The main issue we have with the South Beach Diet is that it doesn’t require you to really monitor your daily caloric intake – we believe that keeping an eye on the calories you’re consuming each day is critical. At the end of the day it all comes down to the foods you decide to eat. The South Beach diet puts very little restrictions on what you can actually eat so it would be quite easy to fall back into bad eating habits. If you’re not careful, you may find yourself weight cycling.
How Effective Is The South Beach Diet For Losing Weight?
Technically, you should lose weight on the South Beach diet (as most people who embark on a low carbohydrate diet do), however as the South Beach Diet doesn’t really place an emphasis on caloric restriction, there is there very real possibility that no weight loss will occur for certain people who follow it.
Those looking to lose weight should always remember the fundamental rule of burning more calories than you consume. Even with carbs and saturates removed from your diet, it is possible to gain weight if you continue to eat large amounts of the foods that the south beach diet approves.
The book claims that dieters should lose up to 13 pounds in the first two weeks (phase 1), however this will vary depending on your current weight, healthy, and eating habits. After this, it’s unclear exactly how much weight you will lose over what time period as there is no meal plan to stick to.

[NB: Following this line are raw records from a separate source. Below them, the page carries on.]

(* Let $(\mathsf{X},\mu)$, $(\mathsf{Y},\nu)$ be Polish probability spaces, $c:\mathsf{X}\times\mathsf{Y}\to[0,\infty)$ continuous, $\pi_\varepsilon$ the $(c,\varepsilon)$-cyclically invariant coupling for each $\varepsilon>0$ (assumed to exist), and assume $\pi_\varepsilon\to\pi_*$ weakly as $\varepsilon\to0$ for some $\pi_*\in\Pi(\mu,\nu)$. Let $(x,y)\in\mathsf{X}\times\mathsf{Y}$. Suppose there exist $k\ge2$ and $(x_i,y_i)_{2\le i\le k}\subset\operatorname{spt}\pi_*$ such that $$\delta_0:=\sum_{i=1}^k c(x_i,y_i)-\sum_{i=1}^k c(x_i,y_{i+1})>0,\quad\text{where }(x_1,y_1):=(x,y),\ y_{k+1}:=y_1.$$ Given $\delta<\delta_0$, there exist $\alpha,r,\varepsilon_0>0$ such that $\pi_\varepsilon(B_r(x,y))\le\alpha e^{-\delta/\varepsilon}$ for all $\varepsilon\le\varepsilon_0$.
   Context: $\Pi(\mu,\nu)$ is the set of couplings of $\mu,\nu$ and $P:=\mu\otimes\nu$. A coupling $\pi\in\Pi(\mu,\nu)$ is $(c,\varepsilon)$-cyclically invariant if $\pi\sim P$ and its density admits a version $\frac{d\pi}{dP}:\mathsf{X}\times\mathsf{Y}\to(0,\infty)$ such that $\prod_{i=1}^k\frac{d\pi}{dP}(x_i,y_i)=\exp\big(-\frac1\varepsilon[\sum_{i=1}^k c(x_i,y_i)-\sum_{i=1}^k c(x_i,y_{i+1})]\big)\prod_{i=1}^k\frac{d\pi}{dP}(x_i,y_{i+1})$ for all $k\in\mathbb{N}$ and $(x_i,y_i)_{i=1}^k$, with $y_{k+1}:=y_1$; it is unique if it exists. $B_r(z)$ denotes the open ball of radius $r$ around $z$ (for a metric on $\mathsf{X}\times\mathsf{Y}$ compatible with the product topology). *)

theory Defs
  imports "HOL-Probability.Probability"
begin

definition borel_prob :: "'a::topological_space measure \<Rightarrow> bool" where
  "borel_prob M \<longleftrightarrow> prob_space M \<and> sets M = sets borel"

definition coupling ::
  "'a::polish_space measure \<Rightarrow> 'b::polish_space measure \<Rightarrow> ('a \<times> 'b) measure \<Rightarrow> bool" where
  "coupling \<mu> \<nu> \<pi> \<longleftrightarrow> borel_prob \<pi> \<and> distr \<pi> borel fst = \<mu> \<and> distr \<pi> borel snd = \<nu>"

definition cyclically_invariant ::
  "('a::polish_space \<Rightarrow> 'b::polish_space \<Rightarrow> real) \<Rightarrow> real \<Rightarrow>
   'a measure \<Rightarrow> 'b measure \<Rightarrow> ('a \<times> 'b) measure \<Rightarrow> bool" where
  "cyclically_invariant c \<epsilon> \<mu> \<nu> \<pi> \<longleftrightarrow>
     coupling \<mu> \<nu> \<pi> \<and>
     absolutely_continuous (\<mu> \<Otimes>\<^sub>M \<nu>) \<pi> \<and> absolutely_continuous \<pi> (\<mu> \<Otimes>\<^sub>M \<nu>) \<and>
     (\<exists>f :: 'a \<times> 'b \<Rightarrow> real.
        f \<in> borel_measurable (\<mu> \<Otimes>\<^sub>M \<nu>) \<and> (\<forall>z. f z > 0) \<and>
        \<pi> = density (\<mu> \<Otimes>\<^sub>M \<nu>) (\<lambda>z. ennreal (f z)) \<and>
        (\<forall>(k::nat) (xs::nat \<Rightarrow> 'a) (ys::nat \<Rightarrow> 'b). k \<ge> 1 \<longrightarrow>
           (\<Prod>i<k. f (xs i, ys i)) =
           exp (- (1 / \<epsilon>) * ((\<Sum>i<k. c (xs i) (ys i)) - (\<Sum>i<k. c (xs i) (ys (Suc i mod k)))))
           * (\<Prod>i<k. f (xs i, ys (Suc i mod k)))))"

definition spt :: "'a::topological_space measure \<Rightarrow> 'a set" where
  "spt M = {z. \<forall>U. open U \<and> z \<in> U \<longrightarrow> emeasure M U > 0}"

definition weak_conv_filter ::
  "('i \<Rightarrow> 'a::topological_space measure) \<Rightarrow> 'a measure \<Rightarrow> 'i filter \<Rightarrow> bool" where
  "weak_conv_filter P Q F \<longleftrightarrow>
     (\<forall>g :: 'a \<Rightarrow> real. continuous_on UNIV g \<and> bounded (range g) \<longrightarrow>
        ((\<lambda>i. integral\<^sup>L (P i) g) \<longlongrightarrow> integral\<^sup>L Q g) F)"

end

theory Submission
  imports Defs
begin

(* Fixing a base point in the two-point case of cyclical invariance factorizes the density:
   pi_eps = exp(-c/eps) (M x N) for sigma-finite measures M, N (absolutely continuous with
   respect to mu and nu). Take r so small that c varies by at most eta on the rectangles
   R_ij = B_r(x_i) x B_r(y_j), j in {i, i+1}. Then
     pi_eps(R_ii) <= exp(-(c(x_i,y_i) - eta)/eps) M(B_r(x_i)) N(B_r(y_i)),
     exp(-(c(x_i,y_(i+1)) + eta)/eps) M(B_r(x_i)) N(B_r(y_(i+1))) <= pi_eps(R_i(i+1)) <= 1,
   and in the product around the cycle the masses of M and N cancel:
     prod_i pi_eps(R_ii) <= exp(-(delta0 - 2 k eta)/eps).
   As (x_i, y_i) lies in the support of the weak limit, pi_eps(R_ii) stays bounded below for
   i >= 2 and small eps, which bounds pi_eps(R_11), and R_11 contains the ball around (x, y).
   The choice eta = (delta0 - delta)/(2k) gives the claim. *)

lemma prod_cyclic_shift:
  fixes g :: "nat \<Rightarrow> 'a::comm_monoid_mult"
  assumes "g (Suc k) = g 1"
  shows "(\<Prod>i=1..k. g (Suc i)) = (\<Prod>i=1..k. g i)"
proof (cases k)
  case (Suc n)
  have "(\<Prod>i=1..k. g (Suc i)) = (\<Prod>i=Suc 1..Suc k. g i)"
    by (rule prod.shift_bounds_cl_Suc_ivl[symmetric])
  also have "\<dots> = (\<Prod>i=Suc 1..k. g i) * g 1"
    using Suc assms by simp
  also have "\<dots> = (\<Prod>i=1..k. g i)"
    using Suc by (simp add: prod.atLeast_Suc_atMost ac_simps)
  finally show ?thesis .
qed simp

lemma ennreal_le_exp_if_exp_neg_mult_le_1:
  assumes "ennreal (exp (- h)) * X \<le> 1"
  shows "X \<le> ennreal (exp h)"
proof -
  have "X = ennreal (exp h) * (ennreal (exp (- h)) * X)"
    by (simp add: mult.assoc[symmetric] ennreal_mult[symmetric] exp_minus_inverse)
  also have "\<dots> \<le> ennreal (exp h)"
    using mult_left_mono[OF assms, of "ennreal (exp h)"] by simp
  finally show ?thesis .
qed

lemma ennreal_prod_le_exp_cyclic:
  fixes p A B :: "nat \<Rightarrow> ennreal" and L H :: "nat \<Rightarrow> real"
  assumes cyclic: "B (Suc k) = B 1"
    and diag: "\<And>i. i \<in> {1..k} \<Longrightarrow> p i \<le> ennreal (exp (- L i)) * (A i * B i)"
    and off_diag: "\<And>i. i \<in> {1..k} \<Longrightarrow> ennreal (exp (- H i)) * (A i * B (Suc i)) \<le> 1"
  shows "(\<Prod>i=1..k. p i) \<le> ennreal (exp (\<Sum>i=1..k. H i - L i))"
proof -
  have "(\<Prod>i=1..k. p i) \<le> (\<Prod>i=1..k. ennreal (exp (- L i)) * (A i * B i))"
    by (rule prod_mono_ennreal) (rule diag)
  also have "\<dots> = (\<Prod>i=1..k. ennreal (exp (- L i))) * (\<Prod>i=1..k. A i * B (Suc i))"
    unfolding prod.distrib prod_cyclic_shift[of B, OF cyclic] ..
  also have "\<dots> \<le> (\<Prod>i=1..k. ennreal (exp (- L i))) * (\<Prod>i=1..k. ennreal (exp (H i)))"
    by (intro mult_left_mono prod_mono_ennreal ennreal_le_exp_if_exp_neg_mult_le_1 off_diag) auto
  also have "\<dots> = ennreal (exp (\<Sum>i=1..k. H i - L i))"
    unfolding exp_sum[OF finite_atLeastAtMost] prod.distrib[symmetric]
    by (simp add: prod_ennreal ennreal_mult[symmetric] flip: exp_add)
  finally show ?thesis .
qed

lemma first_factor_le_of_prod_le:
  fixes m q :: "nat \<Rightarrow> real"
  assumes "(\<Prod>i=1..k. m i) \<le> E" and "k \<ge> 1" and "0 \<le> m 1"
    and "\<And>i. i \<in> {2..k} \<Longrightarrow> 0 < q i \<and> q i \<le> m i"
  shows "m 1 \<le> E / (\<Prod>i=2..k. q i)"
proof -
  have "m 1 * (\<Prod>i=2..k. q i) \<le> m 1 * (\<Prod>i=2..k. m i)"
    using assms(3,4) by (intro mult_left_mono prod_mono) (auto intro: less_imp_le)
  also have "\<dots> = (\<Prod>i=1..k. m i)"
    using \<open>k \<ge> 1\<close> by (simp add: prod.atLeast_Suc_atMost numeral_2_eq_2)
  finally have "m 1 * (\<Prod>i=2..k. q i) \<le> E"
    using assms(1) by linarith
  moreover have "0 < (\<Prod>i=2..k. q i)"
    using assms(4) by (intro prod_pos) auto
  ultimately show ?thesis
    by (simp add: pos_le_divide_eq)
qed

lemma emeasure_density_le_const:
  assumes "g \<in> borel_measurable M" "S \<in> sets M" "\<And>z. z \<in> S \<Longrightarrow> g z \<le> K"
  shows "emeasure (density M g) S \<le> K * emeasure M S"
  using assms by (auto simp: emeasure_density nn_integral_cmult_indicator[symmetric]
      intro!: nn_integral_mono split: split_indicator)

lemma emeasure_density_ge_const:
  assumes "g \<in> borel_measurable M" "S \<in> sets M" "\<And>z. z \<in> S \<Longrightarrow> K \<le> g z"
  shows "K * emeasure M S \<le> emeasure (density M g) S"
  using assms by (auto simp: emeasure_density nn_integral_cmult_indicator[symmetric]
      intro!: nn_integral_mono split: split_indicator)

Is The South Beach Diet Healthy?
The healthiness of the diet entirely depends on the foods that you chose to eat. You should always be ensuring that you’re intaking all the vital vitamins minerals and nutrients that your body needs.
Always remember that just because you’re eating foods high in protein and low in fat, does not mean these are going to be healthy foods that contain everything that your body requires – you may need to spend some time carefully planning our your daily meal schedules.
As anybody looking to lose weight will know, the aim of the game is calorie-reduction; if you feel that you’re not getting in all your daily required vitamins and minerals, you could add a multivitamin supplement into your daily routine to top off your vitamin intake without inflating your daily calorie intake.
For the most part, this is a very safe diet to be following. During phase 1 and 2 you’ll be eating pre-approved branded foods that will ensure you’re getting everything your body requires. Phase 3 will involve you eating any type of food you want, though south beach themselves state that “the majority of foods you eat should be from the approved list”.
To wrap up our south beach diet review, we believe it’s a decent diet plan for those looking to shed some weight, however there are some flaws.
While the diet has had undeniable success, it has also been subject to scrutiny – we can appreciate that the south beach diet has tried to create an schedule where you can feel free to consume the foods you love (at least during phase 3) however this can be a very slippery slope as most people find it very difficult to stay away from the foods that caused them to gain weight in the first place.
The south beach diet’s tagline claims this “doctor-designed” diet is foolproof, however we would have to disagree as the instructions give dieters way too much flexibility with the foods they can eat – there are too many circumstantial cases where followers could inadvertently end up overeating without even realizing they’re doing it.